Kapitel: 3 → Flora, Fauna und Ökosysteme

3.1 → Flora und Vegetation des terrestrischen Bereichs

Fred J.A. Daniëls (Westfälische Wilhelms-Universität Münster)
Dietbert Thannheiser (Universität Hamburg)
und Christoph Wüthrich (Universität Basel)

Zusammenfassung: Vegetation der terrestrischen Polarregionen und ihre Anpassungen

Die junge postglaziale Flora und Vegetation hat sich in der Arktis an die harten und wechselnden Umweltbedingungen angepasst. Das Wachstum der Pflanzen im Sommer ist kurz. Der instabile Boden ist arm an Nährstoffen und wird durch Permafrost beeinträchtigt.

Die Anpassung der Pflanzen an diese Lebensbedingungen schließt geringe oberirdische Biomassenproduktion, niedrigen Wuchs, hohe Lebensdauer, Polyploidie, vegetative Vermehrung und ungeschlechtliche Vermehrung mit ein. Die Vegetationsbedeckung ist in der niederarktischen Tundra dicht, dagegen in der Hocharktis lückenhaft.

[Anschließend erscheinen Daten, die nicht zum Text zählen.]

(* Let $(H,\cdot,1,\Delta,\epsilon,S,\rightharpoonup)$ be a Yetter--Drinfeld post-Hopf algebra with subadjacent Hopf algebra $H_\rightharpoonup=(H,\bullet_\rightharpoonup,1,\Delta,\epsilon,S_\rightharpoonup)$, and regard $(H,\cdot,1,\Delta,\epsilon,S)$ as a Hopf monoid in ${}^{H_\rightharpoonup}_{H_\rightharpoonup}\mathcal{YD}$ with action $\rightharpoonup$ and coaction $a\mapsto a_1\bullet_\rightharpoonup S_\rightharpoonup(a_3)\otimes a_2$. Then the identity map $\mathrm{Id}_H:H\to H_\rightharpoonup$ is a Yetter--Drinfeld relative Rota--Baxter operator on $H_\rightharpoonup$ with respect to $(H,\rightharpoonup)$. Moreover, if $g:(H,\rightharpoonup)\to(H',\rightharpoonup')$ is a morphism of Yetter--Drinfeld post-Hopf algebras, then $(g:H_\rightharpoonup\to H'_{\rightharpoonup'},\,g:H\to H')$ is a morphism of Yetter--Drinfeld relative Rota--Baxter operators from $\mathrm{Id}_H$ to $\mathrm{Id}_{H'}$. This yields a functor $L:\mathcal{YD}\mathrm{PH}(\mathrm{Vec}_\Bbbk)\to\mathcal{YD}\mathrm{rRB}(\mathrm{Vec}_\Bbbk)$.
   Context: Conventions: $\Bbbk$ is a field; algebras are associative unital, coalgebras coassociative counital; Sweedler notation $\Delta(c)=c_1\otimes c_2$ (summation omitted), iterated as $c_1\otimes c_2\otimes c_3$ etc.; $H\otimes H$ carries the tensor product coalgebra structure. Definition (Yetter--Drinfeld post-Hopf algebra). A tuple $(H,\cdot,1,\Delta,\epsilon,S,\rightharpoonup)$ where $(H,\cdot,1)$ is an algebra, $(H,\Delta,\epsilon)$ is a coalgebra on the same vector space, $S:H\to H$ is linear with $x_1\cdot S(x_2)=S(x_1)\cdot x_2=\epsilon(x)1$ for all $x$, and $\rightharpoonup:H\otimes H\to H$ is a coalgebra morphism, such that for all $x,y,z\in H$: (P1) $x\rightharpoonup(y\cdot z)=(x_1\rightharpoonup y)\cdot(x_2\rightharpoonup z)$; (P2) $x\rightharpoonup(y\rightharpoonup z)=\big(x_1\cdot(x_2\rightharpoonup y)\big)\rightharpoonup z$; (P3) the map $\alpha_\rightharpoonup:H\to\mathrm{End}(H)$, $\alpha_\rightharpoonup(x)(y)=x\rightharpoonup y$, is convolution invertible, i.e. there is $\beta_\rightharpoonup:H\to\mathrm{End}(H)$ with $\alpha_\rightharpoonup(x_1)\circ\beta_\rightharpoonup(x_2)=\beta_\rightharpoonup(x_1)\circ\alpha_\rightharpoonup(x_2)=\epsilon(x)\mathrm{Id}_H$; (P4) $\epsilon(a\cdot b)=\epsilon(a)\epsilon(b)$, $\epsilon(1)=1_\Bbbk$, $\Delta(1)=1\otimes 1$; (P5) $\Delta(x\cdot y)=\Big(x_1\cdot\alpha_\rightharpoonup(x_2)\big(\beta_\rightharpoonup(x_4)(y_1)\big)\Big)\otimes(x_3\cdot y_2)$; (P6) setting $x\bullet_\rightharpoonup y:=x_1\cdot(x_2\rightharpoonup y)$, $S_\rightharpoonup(x):=\beta_\rightharpoonup(x_1)(S(x_2))$ and $x\leftharpoonup y:=\big(S_\rightharpoonup(x_1\rightharpoonup y_1)\bullet_\rightharpoonup x_2\big)\bullet_\rightharpoonup y_2$, one has $\Delta(S_\rightharpoonup(x))=S_\rightharpoonup(x_2)\otimes S_\rightharpoonup(x_1)$ and $(x_1\rightharpoonup y_1)\otimes(x_2\leftharpoonup y_2)=(x_2\rightharpoonup y_2)\otimes(x_1\leftharpoonup y_1)$. A morphism of Yetter--Drinfeld post-Hopf algebras $(H,\rightharpoonup)\to(H',\rightharpoonup')$ is an algebra and coalgebra morphism $g$ with $g(x\rightharpoonup y)=g(x)\rightharpoonup' g(y)$; these form $\mathcal{YD}\mathrm{PH}(\mathrm{Vec}_\Bbbk)$. Facts: $H_\rightharpoonup$ is a Hopf algebra and, with the stated action and coaction, $(H,\cdot,1,\Delta,\epsilon,S)$ is a Hopf monoid in ${}^{H_\rightharpoonup}_{H_\rightharpoonup}\mathcal{YD}$. Yetter--Drinfeld modules: for a Hopf algebra $A$ with antipode $T$, a left-left Yetter--Drinfeld module is a left $A$-module $(V,\triangleright)$ and left $A$-comodule $\rho(v)=v_{-1}\otimes v_0$ with $\rho(a\triangleright v)=a_1v_{-1}T(a_3)\otimes a_2\triangleright v_0$; these form the braided monoidal category ${}^A_A\mathcal{YD}$ with braiding $\sigma(v\otimes w)=v_{-1}\triangleright w\otimes v_0$. A bimonoid in ${}^A_A\mathcal{YD}$ is an object with algebra and coalgebra structure maps in ${}^A_A\mathcal{YD}$, $\epsilon$ multiplicative, $\epsilon(1)=1$, $\Delta(1)=1\otimes1$, and $\Delta\circ m=(m\otimes m)(\mathrm{Id}\otimes\sigma\otimes\mathrm{Id})(\Delta\otimes\Delta)$; a Hopf monoid is a bimonoid with antipode. Definition (Yetter--Drinfeld relative (pre-)Rota--Baxter operator). Let $(H,\cdot,1,\Delta,\epsilon,S_H)$ be a Hopf algebra and $(K,\cdot_K,1_K,\Delta,\epsilon)$ a bimonoid in ${}^H_H\mathcal{YD}$ with $H$-action $\rightharpoonup$. A coalgebra morphism $R:K\to H$ is a Yetter--Drinfeld relative pre-Rota--Baxter operator if for all $a,b\in K$: (RB1) $R(a)\cdot R(b)=R\big(a_1\cdot_K(R(a_2)\rightharpoonup b)\big)$; (RB2) $S_HR(R(a_1)\rightharpoonup b_1)\cdot R(a_2)\cdot R(b_2)\otimes R(R(a_3)\rightharpoonup b_3)=S_HR(R(a_2)\rightharpoonup b_2)\cdot R(a_3)\cdot R(b_3)\otimes R(R(a_1)\rightharpoonup b_1)$. It is a Yetter--Drinfeld relative Rota--Baxter operator if moreover $R$ is bijective and (RB3) $\big(a_1\rightharpoonup R^{-1}S_H(a_2)\big)\cdot_K R^{-1}(a_3)=\epsilon(a)1_K$ for all $a\in H$. A morphism from $R:K\to H$ to $R':K'\to H'$ is a pair $(f:H\to H',g:K\to K')$ of algebra and coalgebra morphisms with $fR=R'g$ and $g(h\rightharpoonup k)=f(h)\rightharpoonup' g(k)$. $\mathcal{YD}\mathrm{rRB}(\mathrm{Vec}_\Bbbk)$ denotes the category of Yetter--Drinfeld relative Rota--Baxter operators. *)

theory Defs
  imports Complex_Main
begin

Der Artenreichtum nimmt von Süden nach Norden ab und ist mit 2.200 Arten mäßig, wobei nur ca. 100 endemische Gefäßpflanzen vorkommen, und bei den niederen Pflanzen sind 900 Moos- und 1750 Flechten-Arten vertreten. Die unterschiedliche Vergletscherungsgeschichte zwischen Beringia (Ost-Sibirien und Alaska) und dem nordatlantisch-westsibirischen Raum verursachen eine differenzierte Flora.

In den letzten drei Jahrzehnten hat sich durch die globale Klimaänderung auch die Arktis verändert. Die Zahl der nicht einheimischen Arten nimmt durch den Tourismus, den Verkehr, Siedlungsentwicklung, Bergbau, Industrieaktivitäten und Schafhaltung zu.

Außerdem dringen boreale Arten in die Arktis ein und Biomasse sowie Dichte und Höhe der Sträucher nehmen zu. Aufgrund der Erwärmung werden die Schneetälchen, Moore, die Vegetation in flachen Tümpeln geringer. In der nächsten Zukunft wird wärmeres Klima die Dauerfrost-Bodenzustände beeinflussen, und es werden sich neue Landschaftstypen mit mehr durchsetzungsfähigeren Arten entwickeln.

Changes in terrestrial plant cover of the Arctic:

The young post-glacial flora and vegetation of the Arctic are adapted to harsh and variable environmental conditions. The plant growth season is short; soils are young, poor in nutrients, instable, with active layers and permafrost. Plant adaptions to these living conditions include low above-ground biomass production, low stature, being long-lived, vegetative reproduction and apomixis and high polyploidy levels.

Plant cover is dense in low-Arctic tundra’s and more open in barrens of the high-Arctic. Species richness is very moderate with c. 2,200 including c. 100 endemics in vascular plants, 900 bryophytes and 1750 lichens, and it decreases strongly from south to north.

Floristic differences are obvious between Beringia (East Siberia and Alaska) and North Atlantic-West Siberia due to different glaciation histories. Nevertheless, most species have a circumpolar Arctic-alpine distribution. Since the last three decades global change related changes are affecting the Arctic.

The number of non-native species increases by tourism, traffic, town expansion, mining and industrial activities and sheep farming husbandry. Furthermore boreal species increase in the Arctic and above ground vegetation biomass and shrub expansion (greening) is observed across the Arctic. Snow bed, mire and shallow pond vegetation suffer by substrate drying related to warming.

In future a warmer climate will strongly affect permafrost conditions resulting into new landscapes accessible for competitive southern species.